Exercise requirements :: Find "text \<open>Mixed basis: rhat_l" and "else if l = 5" in the records below. Copy the lines holding them and every line between, exactly, and no others.

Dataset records
(* Let $\Xi$ be an orthogonally invariant FQ operation with circular-basis coefficients $\tilde p^{[s]}_{i_1,\dots,i_r}$ ($s=0$ scalar, $s\in\{1,2\}$ vectorial components, $s=12$ pseudoscalar). For a word $w$ over $\{1,2\}$ let $\mathrm{red}\,w$ be its shortest reduction under the rules $11=\lambda$, $22=\lambda$ ($\lambda$ the empty word). Let $\iota=(i_1,\dots,i_r)$ with all $i_j\in\{1,2\}$. If $\mathrm{red}\,\iota\notin\{\lambda,(2)\}$, and moreover either $s\in\{0,12\}$ or $\mathrm{red}\,\iota\notin\{(1),(2,1)\}$, then $\tilde p^{[s]}_{i_1,\dots,i_r}=0$.
   Context: Setting. $(Q_1,Q_2)$ is a Clifford system: $Q_1^2=Q_2^2=-1$, $Q_1Q_2=-Q_2Q_1$. $R_1,R_2$ are formal noncommuting infinitesimal variables; one works in the real algebra generated by $Q_1,Q_2,R_1,R_2$ (free apart from the Clifford relations), completed with respect to total degree in $R_1,R_2$, or in extensions of it by further formal infinitesimal elements. Put $A_i=Q_i+R_i$. For $Q$ with $Q^2=-1$ and any $X$ put $X^0_Q=\frac12(X+Q^{-1}XQ)$, $X^1_Q=\frac12(X-Q^{-1}XQ)$. The split variables are $r_1,\dots,r_8$: for $j\in\{1,2\}$, $\iota_1,\iota_2\in\{0,1\}$, $r_{4(j-1)+2\iota_1+\iota_2+1}=((R_jQ_j^{-1})^{\iota_1}_{Q_1})^{\iota_2}_{Q_2}$. An FQ operation around $(Q_1,Q_2)$ is given by formal real noncommutative power series in eight variables: scalar $\Xi(A_1,A_2)=f_0(r_1,\dots,r_8)$, vectorial $\Xi(A_1,A_2)=(f_1(r)Q_1,f_2(r)Q_2)$, pseudoscalar $\Xi(A_1,A_2)=f_{12}(r)Q_1Q_2$; the operation is identified with this family of series. The same series can be evaluated relative to any other Clifford system $(Q_1',Q_2')$ at $(A_1',A_2')$ with $A'_i-Q'_i$ infinitesimal, by forming the split variables of $A_i'-Q_i'$ relative to $(Q'_1,Q'_2)$ and multiplying by $Q'_s$. Mixed basis: $\hat r_1=\frac12(r_2-r_7)$, $\hat r_2=\frac12(r_2+r_7)$, $\hat r_3=\frac12(r_1+r_5)$, $\hat r_4=\frac12(r_1-r_5)$, $\hat r_5=\frac12(r_4-r_8)$, $\hat r_6=\frac12(r_4+r_8)$, $\hat r_7=\frac12(r_3+r_6)$, $\hat r_8=\frac12(r_3-r_6)$. Circular basis: $\tilde r_i=\hat r_i$ for $i\notin\{4,5\}$, $\tilde r_4=\hat r_4+\hat r_5$, $\tilde r_5=\hat r_4-\hat r_5$. Rewriting $f_s$ as a power series in $\tilde r_1,\dots,\tilde r_8$, $\tilde p^{[s]}_{i_1,\dots,i_r}$ is the coefficient of $\tilde r_{i_1}\cdots\tilde r_{i_r}$. Orthogonal invariance: let $t$ be a central formal variable with $t^2=0$ and $\mathrm{Rot}_t(B_1,B_2)=(B_1+tB_2,\,B_2-tB_1)$. A (pseudo)scalar $\Xi$ is orthogonally invariant if $\Xi_{(Q_1,Q_2)}(A_1,A_2)=\Xi_{\mathrm{Rot}_t(Q_1,Q_2)}(\mathrm{Rot}_t(A_1,A_2))$; a vectorial $\Xi$ is orthogonally invariant if $\mathrm{Rot}_t(\Xi_{(Q_1,Q_2)}(A_1,A_2))=\Xi_{\mathrm{Rot}_t(Q_1,Q_2)}(\mathrm{Rot}_t(A_1,A_2))$; the subscript indicates the base Clifford system relative to which the series is evaluated. *)

theory Defs
  imports Complex_Main
begin

text \<open>Basis of the Clifford algebra generated by a Clifford system (Q1,Q2):
  E = 1, I = Q1, J = Q2, K = Q1 Q2.  (Q1^2 = Q2^2 = -1, Q1 Q2 = - Q2 Q1.)\<close>
datatype qb = E | I | J | K

fun qmul :: "qb \<Rightarrow> qb \<Rightarrow> real \<times> qb" where
  "qmul E x = (1, x)"
| "qmul x E = (1, x)"
| "qmul I I = (-1, E)"
| "qmul I J = (1, K)"
| "qmul I K = (-1, J)"
| "qmul J I = (-1, K)"
| "qmul J J = (-1, E)"
| "qmul J K = (1, I)"
| "qmul K I = (1, J)"
| "qmul K J = (-1, I)"
| "qmul K K = (-1, E)"

datatype rlet = RR1 | RR2

text \<open>Normal-form monomials of the algebra generated by Q1,Q2,R1,R2 (free apart from the
  Clifford relations, i.e. the free product of the Clifford algebra with the free algebra
  on R1,R2):  c0 R_{a1} c1 R_{a2} c2 ... R_{an} cn  with ci basis elements of the Clifford
  algebra.  An element of the completion (w.r.t. total degree in R1,R2) is an arbitrary
  real coefficient function on monomials (each degree component is finite dimensional).\<close>
type_synonym mon = "qb \<times> (rlet \<times> qb) list"
type_synonym bel = "mon \<Rightarrow> real"

definition slot :: "mon \<Rightarrow> nat \<Rightarrow> qb" where
  "slot m k = (if k = 0 then fst m else snd (snd m ! (k - 1)))"

definition pre :: "mon \<Rightarrow> nat \<Rightarrow> qb \<Rightarrow> mon" where
  "pre m k d = (if k = 0 then (d, [])
               else (fst m, take (k - 1) (snd m) @ [(fst (snd m ! (k - 1)), d)]))"

definition suf :: "mon \<Rightarrow> nat \<Rightarrow> qb \<Rightarrow> mon" where
  "suf m k e = (e, drop k (snd m))"

definition bmul :: "bel \<Rightarrow> bel \<Rightarrow> bel" where
  "bmul x y m = (\<Sum>k\<in>{0..length (snd m)}. \<Sum>d\<in>{E,I,J,K}. \<Sum>e\<in>{E,I,J,K}.
      (if snd (qmul d e) = slot m k then fst (qmul d e) * x (pre m k d) * y (suf m k e) else 0))"

definition badd :: "bel \<Rightarrow> bel \<Rightarrow> bel" where "badd x y = (\<lambda>m. x m + y m)"
definition bscale :: "real \<Rightarrow> bel \<Rightarrow> bel" where "bscale c x = (\<lambda>m. c * x m)"
definition bzero :: bel where "bzero = (\<lambda>m. 0)"
definition bbasis :: "mon \<Rightarrow> bel" where "bbasis m0 = (\<lambda>m. if m = m0 then 1 else 0)"

definition bone :: bel where "bone = bbasis (E, [])"
definition bQ1 :: bel where "bQ1 = bbasis (I, [])"
definition bQ2 :: bel where "bQ2 = bbasis (J, [])"
definition bR1 :: bel where "bR1 = bbasis (E, [(RR1, E)])"
definition bR2 :: bel where "bR2 = bbasis (E, [(RR2, E)])"

text \<open>Extension by a central formal infinitesimal t with t^2 = 0: pairs (a,b) = a + t b.\<close>
type_synonym del = "bel \<times> bel"

definition dadd :: "del \<Rightarrow> del \<Rightarrow> del" where
  "dadd x y = (badd (fst x) (fst y), badd (snd x) (snd y))"
definition dscale :: "real \<Rightarrow> del \<Rightarrow> del" where
  "dscale c x = (bscale c (fst x), bscale c (snd x))"
definition dneg :: "del \<Rightarrow> del" where "dneg x = dscale (-1) x"
definition dsub :: "del \<Rightarrow> del \<Rightarrow> del" where "dsub x y = dadd x (dneg y)"
definition dmul :: "del \<Rightarrow> del \<Rightarrow> del" where
  "dmul x y = (bmul (fst x) (fst y), badd (bmul (fst x) (snd y)) (bmul (snd x) (fst y)))"
definition dunit :: del where "dunit = (bone, bzero)"
definition demb :: "bel \<Rightarrow> del" where "demb x = (x, bzero)"
definition tt :: del where "tt = (bzero, bone)"

text \<open>A formal real noncommutative power series in the eight variables r1..r8 is a coefficient
  function on words over {1..8} (letters outside {1..8} are ignored).\<close>
type_synonym series = "nat list \<Rightarrow> real"

definition words :: "nat \<Rightarrow> nat list set" where
  "words N = {w. set w \<subseteq> {1..8} \<and> length w \<le> N}"

fun dprod :: "(nat \<Rightarrow> del) \<Rightarrow> nat list \<Rightarrow> del" where
  "dprod xs [] = dunit"
| "dprod xs (k # w) = dmul (xs k) (dprod xs w)"

text \<open>Substitution of infinitesimal elements (no degree-0 part in the t-free component) into a
  series.  For such arguments a word of length n contributes to the t-free part only in
  R-degree \<ge> n and to the t-part only in R-degree \<ge> n-1, so the coefficient of a
  monomial of R-degree N of the (completed) infinite sum is the displayed finite sum.\<close>
definition deval :: "series \<Rightarrow> (nat \<Rightarrow> del) \<Rightarrow> del" where
  "deval f xs =
     ((\<lambda>m. \<Sum>w\<in>words (length (snd m) + 1). f w * fst (dprod xs w) m),
      (\<lambda>m. \<Sum>w\<in>words (length (snd m) + 1). f w * snd (dprod xs w) m))"

text \<open>X^0_Q = (X + Q^{-1} X Q)/2 and X^1_Q = (X - Q^{-1} X Q)/2; for Q^2 = -1 we have
  Q^{-1} = -Q.\<close>
definition qpart :: "nat \<Rightarrow> del \<Rightarrow> del \<Rightarrow> del" where
  "qpart i Q X = dscale (1/2)
     (if i = 0 then dadd X (dmul (dmul (dneg Q) X) Q) else dsub X (dmul (dmul (dneg Q) X) Q))"

text \<open>Split variables relative to (Q1,Q2) of (R1,R2):
  r_{4(j-1)+2 i1+i2+1} = ((R_j Q_j^{-1})^{i1}_{Q1})^{i2}_{Q2}, k = 1..8.\<close>
definition splitvar :: "del \<Rightarrow> del \<Rightarrow> del \<Rightarrow> del \<Rightarrow> nat \<Rightarrow> del" where
  "splitvar Q1 Q2 R1 R2 k =
     (let j = (k - 1) div 4; i1 = ((k - 1) mod 4) div 2; i2 = (k - 1) mod 2;
          R = (if j = 0 then R1 else R2); Q = (if j = 0 then Q1 else Q2)
      in qpart i2 Q2 (qpart i1 Q1 (dmul R (dneg Q))))"

definition scal_eval :: "series \<Rightarrow> del \<Rightarrow> del \<Rightarrow> del \<Rightarrow> del \<Rightarrow> del" where
  "scal_eval f Q1 Q2 A1 A2 = deval f (splitvar Q1 Q2 (dsub A1 Q1) (dsub A2 Q2))"

definition vect_eval :: "series \<Rightarrow> series \<Rightarrow> del \<Rightarrow> del \<Rightarrow> del \<Rightarrow> del \<Rightarrow> del \<times> del" where
  "vect_eval f1 f2 Q1 Q2 A1 A2 =
     (dmul (deval f1 (splitvar Q1 Q2 (dsub A1 Q1) (dsub A2 Q2))) Q1,
      dmul (deval f2 (splitvar Q1 Q2 (dsub A1 Q1) (dsub A2 Q2))) Q2)"

definition pseudo_eval :: "series \<Rightarrow> del \<Rightarrow> del \<Rightarrow> del \<Rightarrow> del \<Rightarrow> del" where
  "pseudo_eval f Q1 Q2 A1 A2 =
     dmul (deval f (splitvar Q1 Q2 (dsub A1 Q1) (dsub A2 Q2))) (dmul Q1 Q2)"

definition Rot :: "del \<times> del \<Rightarrow> del \<times> del" where
  "Rot B = (dadd (fst B) (dmul tt (snd B)), dsub (snd B) (dmul tt (fst B)))"

definition Q1D :: del where "Q1D = demb bQ1"
definition Q2D :: del where "Q2D = demb bQ2"
definition A1D :: del where "A1D = demb (badd bQ1 bR1)"
definition A2D :: del where "A2D = demb (badd bQ2 bR2)"

definition OI_scalar :: "series \<Rightarrow> bool" where
  "OI_scalar f \<longleftrightarrow>
     scal_eval f Q1D Q2D A1D A2D =
     scal_eval f (fst (Rot (Q1D, Q2D))) (snd (Rot (Q1D, Q2D)))
                 (fst (Rot (A1D, A2D))) (snd (Rot (A1D, A2D)))"

definition OI_pseudo :: "series \<Rightarrow> bool" where
  "OI_pseudo f \<longleftrightarrow>
     pseudo_eval f Q1D Q2D A1D A2D =
     pseudo_eval f (fst (Rot (Q1D, Q2D))) (snd (Rot (Q1D, Q2D)))
                   (fst (Rot (A1D, A2D))) (snd (Rot (A1D, A2D)))"

definition OI_vect :: "series \<Rightarrow> series \<Rightarrow> bool" where
  "OI_vect f1 f2 \<longleftrightarrow>
     Rot (vect_eval f1 f2 Q1D Q2D A1D A2D) =
     vect_eval f1 f2 (fst (Rot (Q1D, Q2D))) (snd (Rot (Q1D, Q2D)))
                     (fst (Rot (A1D, A2D))) (snd (Rot (A1D, A2D)))"

text \<open>Mixed basis: rhat_l = sum_k Nhat l k * r_k (as in the paper).\<close>
definition Nhat :: "nat \<Rightarrow> nat \<Rightarrow> real" where
  "Nhat l k =
    (if l = 1 then (if k = 2 then 1/2 else if k = 7 then -1/2 else 0)
     else if l = 2 then (if k = 2 then 1/2 else if k = 7 then 1/2 else 0)
     else if l = 3 then (if k = 1 then 1/2 else if k = 5 then 1/2 else 0)
     else if l = 4 then (if k = 1 then 1/2 else if k = 5 then -1/2 else 0)
     else if l = 5 then (if k = 4 then 1/2 else if k = 8 then -1/2 else 0)
     else if l = 6 then (if k = 4 then 1/2 else if k = 8 then 1/2 else 0)
     else if l = 7 then (if k = 3 then 1/2 else if k = 6 then 1/2 else 0)
     else if l = 8 then (if k = 3 then 1/2 else if k = 6 then -1/2 else 0)
     else 0)"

Problem solution ::
text \<open>Mixed basis: rhat_l = sum_k Nhat l k * r_k (as in the paper).\<close>
definition Nhat :: "nat \<Rightarrow> nat \<Rightarrow> real" where
  "Nhat l k =
    (if l = 1 then (if k = 2 then 1/2 else if k = 7 then -1/2 else 0)
     else if l = 2 then (if k = 2 then 1/2 else if k = 7 then 1/2 else 0)
     else if l = 3 then (if k = 1 then 1/2 else if k = 5 then 1/2 else 0)
     else if l = 4 then (if k = 1 then 1/2 else if k = 5 then -1/2 else 0)
     else if l = 5 then (if k = 4 then 1/2 else if k = 8 then -1/2 else 0)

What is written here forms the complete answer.